In 1917, a bomb ripped through a police department in Milwaukee's Bay View neighborhood, killing nine officers and one civilian. The police and public immediately set out in search of a scapegoat, quickly settling on a group of Italian immigrants. On the cusp of World War I, Italians were an easily vilified group in the Midwest; they were non-Protestant, recent immigrants, many with outsider views on labor and government.
That group of Italian immigrants, ten men and one woman known as the Bay View Eleven, were awaiting trial on charges stemming from a riot earlier in the year.

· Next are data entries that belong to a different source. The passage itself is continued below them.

lemma lin_op_scaleC: "lin_op G \<Longrightarrow> (x, y) \<in> G \<Longrightarrow> (scaleC c x, scaleC c y) \<in> G"
  unfolding lin_op_def by blast

lemma lin_op_minus: "lin_op G \<Longrightarrow> (x, y) \<in> G \<Longrightarrow> (- x, - y) \<in> G"
  using lin_op_scaleC[of G x y "-1"] by (simp add: scaleC_minus1)

lemma lin_op_diff: "lin_op G \<Longrightarrow> (x, y) \<in> G \<Longrightarrow> (u, v) \<in> G \<Longrightarrow> (x - u, y - v) \<in> G"
  using lin_op_add[of G x y "-u" "-v"] lin_op_minus[of G u v] by simp

lemma opapp_eq: "lin_op G \<Longrightarrow> (x, y) \<in> G \<Longrightarrow> opapp G x = y"
  unfolding opapp_def lin_op_def by (rule the_equality) blast+

lemma adj_iff: "(g, h) \<in> adj G \<longleftrightarrow> (\<forall>f k. (f, k) \<in> G \<longrightarrow> cinner k g = cinner f h)"
  by (simp add: adj_def)

lemma adj_zero: "(0, 0) \<in> adj G"
  unfolding adj_iff by simp

lemma adj_add: "(g, h) \<in> adj G \<Longrightarrow> (g', h') \<in> adj G \<Longrightarrow> (g + g', h + h') \<in> adj G"
  unfolding adj_iff by (simp add: cinner_add_right)

lemma adj_scaleC: "(g, h) \<in> adj G \<Longrightarrow> (scaleC c g, scaleC c h) \<in> adj G"
  unfolding adj_iff by (simp add: cinner_scaleC_right)

lemma adj_diff: "(g, h) \<in> adj G \<Longrightarrow> (g', h') \<in> adj G \<Longrightarrow> (g - g', h - h') \<in> adj G"
  unfolding adj_iff by (simp add: cinner_diff_right)

lemma closed_adj: "closed (adj (G :: ('a::chilbert \<times> 'b::chilbert) set))"
proof -
  have "adj G = (\<Inter>q\<in>G. {p. cinner (snd q) (fst p) = cinner (fst q) (snd p)})"
    unfolding adj_def by force
  moreover have "closed {p. cinner k (fst p) = cinner f (snd p)}" for f :: 'a and k :: 'b
    by (intro closed_Collect_eq continuous_on_compose2[OF continuous_on_cinner_right]
        continuous_on_fst continuous_on_snd continuous_on_id) auto
  ultimately show ?thesis by (auto intro!: closed_INT)
qed

lemma adj_unique_of_dense:
  assumes "closure (Domain G) = UNIV" "(g, h) \<in> adj G" "(g, h') \<in> adj G"
  shows "h = h'"
proof -
  have "(0, h - h') \<in> adj G" using adj_diff[OF assms(2,3)] by simp
  hence "h - h' = 0" by (intro orthogonal_dense_eq_0[OF assms(1)]) (auto simp: adj_iff)
  thus ?thesis by simp
qed

lemma shift_iff: "(f, w) \<in> shift A l \<longleftrightarrow> (\<exists>k. (f, k) \<in> A \<and> w = k - scaleC l f)"
  unfolding shift_def by blast

lemma range_shiftE:
  assumes "Range (shift A l) = UNIV"
  obtains f k where "(f, k) \<in> A" "k - scaleC l f = u"
proof -
  have "u \<in> Range (shift A l)" using assms by simp
  thus thesis using that unfolding shift_def by blast
qed

lemma adj_eigenvector_eq_0:
  assumes "(a, scaleC l a) \<in> adj A" "Range (shift A (cnj l)) = UNIV"
  shows "a = 0"
proof -
  obtain g h where gh: "(g, h) \<in> A" "h - scaleC (cnj l) g = a" using range_shiftE[OF assms(2)] .
  have "cinner h a = cinner g (scaleC l a)" using assms(1) gh(1) unfolding adj_iff by blast
  hence "cinner (h - scaleC (cnj l) g) a = 0"
    by (simp add: cinner_diff_left cinner_scaleC_left cinner_scaleC_right)
  thus ?thesis using gh(2) by simp
qed

lemma norm_le_shift_adj:
  assumes surj: "Range (shift A l) = UNIV" and C: "C \<ge> 0"
    and bound: "\<And>f k. (f, k) \<in> A \<Longrightarrow> norm f \<le> C * norm (k - scaleC l f)"
    and gh: "(g, h) \<in> adj A"
  shows "norm g \<le> C * norm (h - scaleC (cnj l) g)"
proof -
  obtain f k where fk: "(f, k) \<in> A" "k - scaleC l f = g" using range_shiftE[OF surj] .
  have "cinner k g = cinner f h" using gh fk(1) unfolding adj_iff by blast
  hence "cinner (k - scaleC l f) g = cinner f h - l * cinner f g"
    by (simp only: cinner_diff_left cinner_scaleC_left)
  also have "\<dots> = cinner f (h - scaleC (cnj l) g)"
    by (simp add: cinner_diff_right cinner_scaleC_right)
  finally have "cinner g g = cinner f (h - scaleC (cnj l) g)" using fk(2) by simp
  hence "norm g * norm g = cmod (cinner f (h - scaleC (cnj l) g))"
    by (metis cinner_self norm_of_real power2_eq_square abs_power2)
  also have "\<dots> \<le> norm f * norm (h - scaleC (cnj l) g)" by (rule cauchy_schwarz)
  also have "\<dots> \<le> C * norm g * norm (h - scaleC (cnj l) g)"
    using bound[OF fk(1)] fk(2) by (intro mult_right_mono) auto
  finally have "norm g * norm g \<le> norm g * (C * norm (h - scaleC (cnj l) g))"
    by (simp add: mult_ac)
  thus ?thesis using C by (cases "g = 0") (auto simp: mult_le_cancel_left_pos)
qed

lemma csubspace_range_shift_adj: "csubspace (Range (shift (adj A) l))"
  unfolding csubspace_def
proof (intro conjI ballI allI)
  show "0 \<in> Range (shift (adj A) l)"
    unfolding Range_iff shift_iff by (intro exI[of _ 0] exI[of _ 0]) (simp add: adj_zero)
next
  fix a b assume "a \<in> Range (shift (adj A) l)" "b \<in> Range (shift (adj A) l)"
  then obtain g h g' h' where
    "(g, h) \<in> adj A" "a = h - scaleC l g" "(g', h') \<in> adj A" "b = h' - scaleC l g'"
    unfolding Range_iff shift_iff by blast
  moreover from this have "(g + g', h + h') \<in> adj A" by (blast intro: adj_add)
  ultimately show "a + b \<in> Range (shift (adj A) l)"
    unfolding Range_iff shift_iff by (force simp: scaleC_add_right)
next
  fix c a assume "a \<in> Range (shift (adj A) l)"
  then obtain g h where gh: "(g, h) \<in> adj A" "a = h - scaleC l g"
    unfolding Range_iff shift_iff by blast
  moreover have "(scaleC c g, scaleC c h) \<in> adj A" using gh(1) by (rule adj_scaleC)
  ultimately show "scaleC c a \<in> Range (shift (adj A) l)"
    unfolding Range_iff shift_iff by (force simp: scaleC_diff_right scaleC_scaleC mult.commute)
qed

text \<open>An operator that is bounded below has closed range, since its graph is closed.\<close>

lemma closed_range_shift_adj:
  assumes C: "C \<ge> 0" and bound: "\<And>g h. (g, h) \<in> adj A \<Longrightarrow> norm g \<le> C * norm (h - scaleC l g)"
  shows "closed (Range (shift (adj A) l))"
proof (unfold closed_sequential_limits, intro allI impI, elim conjE)
  fix u :: "nat \<Rightarrow> 'a" and v
  assume "\<forall>n. u n \<in> Range (shift (adj A) l)" and u_lim: "u \<longlonglongrightarrow> v"
  hence "\<forall>n. \<exists>p. p \<in> adj A \<and> u n = snd p - scaleC l (fst p)"
    unfolding Range_iff shift_iff by force
  then obtain p where p: "\<And>n. p n \<in> adj A \<and> u n = snd (p n) - scaleC l (fst (p n))" by metis
  define g where "g n = fst (p n)" for n
  define h where "h n = snd (p n)" for n
  have gh: "(g n, h n) \<in> adj A" and u: "u n = h n - scaleC l (g n)" for n
    using p[of n] by (simp_all add: g_def h_def)
  have g_dist: "norm (g m - g n) \<le> C * norm (u m - u n)" for m n
  proof -
    have "norm (g m - g n) \<le> C * norm ((h m - h n) - scaleC l (g m - g n))"
      using adj_diff[OF gh gh] by (rule bound)
    thus ?thesis by (simp add: u scaleC_diff_right algebra_simps)
  qed
  have "Cauchy g"
  proof (rule metric_CauchyI)
    fix e :: real assume "0 < e"
    hence "e / (C + 1) > 0" using C by simp
    then obtain M where M: "\<forall>m\<ge>M. \<forall>n\<ge>M. dist (u m) (u n) < e / (C + 1)"
      using LIMSEQ_imp_Cauchy[OF u_lim] unfolding Cauchy_def by blast
    have "dist (g m) (g n) < e" if "m \<ge> M" "n \<ge> M" for m n
    proof -
      have "norm (g m - g n) \<le> (C + 1) * norm (u m - u n)"
        using g_dist[of m n] norm_ge_zero[of "u m - u n"] unfolding distrib_right by linarith
      also have "\<dots> < (C + 1) * (e / (C + 1))"
        using M that C by (intro mult_strict_left_mono) (auto simp: dist_norm)
      finally show ?thesis using C by (simp add: dist_norm)
    qed
    thus "\<exists>M. \<forall>m\<ge>M. \<forall>n\<ge>M. dist (g m) (g n) < e" by blast
  qed
  then obtain g0 where g_lim: "g \<longlonglongrightarrow> g0" using Cauchy_convergent_iff convergent_def by blast
  have "(\<lambda>n. u n + scaleC l (g n)) \<longlonglongrightarrow> v + scaleC l g0"
    by (intro tendsto_add u_lim tendsto_scaleC g_lim)
  hence "(\<lambda>n. (g n, h n)) \<longlonglongrightarrow> (g0, v + scaleC l g0)"
    by (intro tendsto_Pair g_lim) (simp add: u)
  hence "(g0, v + scaleC l g0) \<in> adj A"
    using closed_sequentially[OF closed_adj, of "\<lambda>n. (g n, h n)"] gh by blast
  thus "v \<in> Range (shift (adj A) l)" unfolding Range_iff shift_iff by force
qed

lemma range_shift_adj_eq_UNIV:
  assumes A: "adj (adj A) = A" and l: "l \<in> resolvent_set A"
  shows "Range (shift (adj A) (cnj l)) = UNIV"
proof -
  have surj: "Range (shift A l) = UNIV" and inj: "\<And>f. (f, 0) \<in> shift A l \<Longrightarrow> f = 0"
    and "\<exists>C. \<forall>f k. (f, k) \<in> shift A l \<longrightarrow> norm f \<le> C * norm k"
    using l unfolding resolvent_set_def by auto
  then obtain C where bound: "\<And>f k. (f, k) \<in> shift A l \<Longrightarrow> norm f \<le> C * norm k" by blast
  have C: "max C 0 \<ge> 0" by simp
  have bound': "norm f \<le> max C 0 * norm (k - scaleC l f)" if "(f, k) \<in> A" for f k
  proof -
    have "(f, k - scaleC l f) \<in> shift A l" using that unfolding shift_iff by blast
    hence "norm f \<le> C * norm (k - scaleC l f)" by (rule bound)
    also have "\<dots> \<le> max C 0 * norm (k - scaleC l f)" by (intro mult_right_mono) auto
    finally show ?thesis .
  qed
  have "k = 0" if orth: "\<forall>u\<in>Range (shift (adj A) (cnj l)). cinner u k = 0" for k
  proof -
    have "(k, scaleC l k) \<in> adj (adj A)" unfolding adj_iff[of k "scaleC l k"]
    proof (intro allI impI)
      fix g h assume "(g, h) \<in> adj A"
      hence "h - scaleC (cnj l) g \<in> Range (shift (adj A) (cnj l))"
        unfolding Range_iff shift_iff by blast
      hence "cinner (h - scaleC (cnj l) g) k = 0" using orth by blast
      thus "cinner h k = cinner g (scaleC l k)"
        by (simp add: cinner_diff_left cinner_scaleC_left cinner_scaleC_right)
    qed
    hence "(k, scaleC l k) \<in> A" using A by simp
    hence "(k, 0) \<in> shift A l" unfolding shift_iff by (intro exI[of _ "scaleC l k"]) simp
    thus ?thesis by (rule inj)
  qed
  moreover have "closed (Range (shift (adj A) (cnj l)))"
    using norm_le_shift_adj[OF surj C bound'] by (rule closed_range_shift_adj[OF C])
  ultimately show ?thesis using closed_csubspace_eq_UNIV csubspace_range_shift_adj by blast
qed

lemma eq_adj_of_range_shift:
  assumes sub: "A \<subseteq> adj A'" and surj: "Range (shift A l) = UNIV"
    and surj': "Range (shift A' (cnj l)) = UNIV"
  shows "A = adj A'"
proof
  show "adj A' \<subseteq> A"
  proof clarify
    fix a b assume ab: "(a, b) \<in> adj A'"
    obtain f k where fk: "(f, k) \<in> A" "k - scaleC l f = b - scaleC l a"
      using range_shiftE[OF surj] .
    have "(a - f, b - k) \<in> adj A'" using adj_diff[OF ab] sub fk(1) by blast
    moreover have "b - k = scaleC l (a - f)"
      using fk(2) by (simp add: scaleC_diff_right algebra_simps)
    ultimately have "(a - f, scaleC l (a - f)) \<in> adj A'" by simp
    hence "a - f = 0" using surj' by (rule adj_eigenvector_eq_0)
    thus "(a, b) \<in> A" using fk by simp
  qed
qed (rule sub)

lemma resolvent_set_adj:
  assumes surj: "Range (shift (adj A) l) = UNIV" and surj': "Range (shift A (cnj l)) = UNIV"
  shows "l \<in> resolvent_set (adj A)"
proof -
  define P where "P = {f. \<exists>k. (f, k) \<in> adj A \<and> norm (k - scaleC l f) \<le> 1}"
  have "\<exists>c. \<forall>f\<in>P. cmod (cinner f x) \<le> c" for x
  proof -
    obtain y ky where y: "(y, ky) \<in> A" "ky - scaleC (cnj l) y = x" using range_shiftE[OF surj'] .
    have "cmod (cinner f x) \<le> norm y" if "f \<in> P" for f
    proof -
      obtain k where fk: "(f, k) \<in> adj A" "norm (k - scaleC l f) \<le> 1"
        using \<open>f \<in> P\<close> unfolding P_def by blast
      have "cinner ky f = cinner y k" using y(1) fk(1) by (simp add: adj_iff)
      hence "cinner f x = cinner (k - scaleC l f) y"
        unfolding y(2)[symmetric] cinner_diff_left cinner_diff_right cinner_scaleC_left cinner_scaleC_right
        by (metis cinner_commute complex_cnj_cnj)
      hence "cmod (cinner f x) \<le> norm (k - scaleC l f) * norm y" by (simp add: cauchy_schwarz)
      also have "\<dots> \<le> norm y" using fk(2) by (simp add: mult_left_le_one_le)
      finally show ?thesis .
    qed
    thus ?thesis by blast
  qed
  then obtain C where C: "\<And>f. f \<in> P \<Longrightarrow> norm f \<le> C" using weakly_bounded_imp_bounded by metis
  have inj: "f = 0" if "(f, 0) \<in> shift (adj A) l" for f
    using that surj' by (intro adj_eigenvector_eq_0) (auto simp: shift_iff)
  \<comment> \<open>rescale to \<open>norm w = 1\<close>, where the weak bound applies\<close>
  have "norm f \<le> C * norm w" if fw: "(f, w) \<in> shift (adj A) l" for f w
  proof (cases "w = 0")
    case True thus ?thesis using inj fw by simp
  next
    case False
    obtain k where fk: "(f, k) \<in> adj A" "w = k - scaleC l f" using fw unfolding shift_iff by blast
    define c where "c = complex_of_real (1 / norm w)"
    have c: "cmod c = 1 / norm w" unfolding c_def norm_of_real by simp
    have "(scaleC c f, scaleC c k) \<in> adj A" using fk(1) by (rule adj_scaleC)
    moreover have "scaleC c k - scaleC l (scaleC c f) = scaleC c w"
      unfolding fk(2) by (simp add: scaleC_diff_right scaleC_scaleC mult.commute)
    moreover have "norm (scaleC c w) = 1" using False by (simp add: norm_scaleC c)
    ultimately have "scaleC c f \<in> P" unfolding P_def by (intro CollectI exI[of _ "scaleC c k"]) simp
    hence "norm (scaleC c f) \<le> C" by (rule C)
    hence "norm f / norm w \<le> C" by (simp add: norm_scaleC c)
    thus ?thesis using False by (simp add: divide_le_eq mult.commute)
  qed
  thus ?thesis unfolding resolvent_set_def using surj inj by blast
qed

The climate in Milwaukee led to a trial that was "grossly mismanaged and sensationalized," according to Strang. The attorney's research into the trial eventually lead him to write Worse Than the Devil, published two years ago. Strang's book examines the Bay View Eleven's unjust convictions and eventual exoneration.
Worse Then the Devil came about almost by accident. When Strang stumbled across the Bay View Eleven, he wasn't looking for past examples of injustice, according to a recent article by the New Republic. Instead, he was just wasting time on Westlaw.
In the mid 1990s, having just become partner in a Milwaukee firm, Strang took a break to play around on the legal database. He began searching for information on Clarence Darrow, one of the most famous lawyers of the 20th century, a leader of the ACLU and defender of John T. Scopes in the Scopes "Monkey" Trial.
Darrow's involvement in the Bay View Eleven's appeal eventually saw most of them exonerated.
But Strang's isn't a heroic portrait of Darrow. "Although Clarence Darrow led an appeal that gained freedom for most of the convicted," the publisher's website explains, "the celebrated lawyer's methods themselves were deeply suspect. The entire case left a dark, if hidden, stain on American justice."
It took Strang more than two decades of research to finish Worse Than the Devil. By then, his representation of Steven Avery had concluded. It's hard not to imagine that Avery's case didn't influence the book's eventual form. In the preface Strang's words seemingly presage the renewed attention Avery's case would garner:
Apologists insist that...exonerations prove that, in the end, the system works. But a system that 'works,' when it works at all, only because volunteers and strangers persist in seeking justice long after duty-bound insiders have failed and quit is a system dependent on happy accidents to cure its unhappy ones.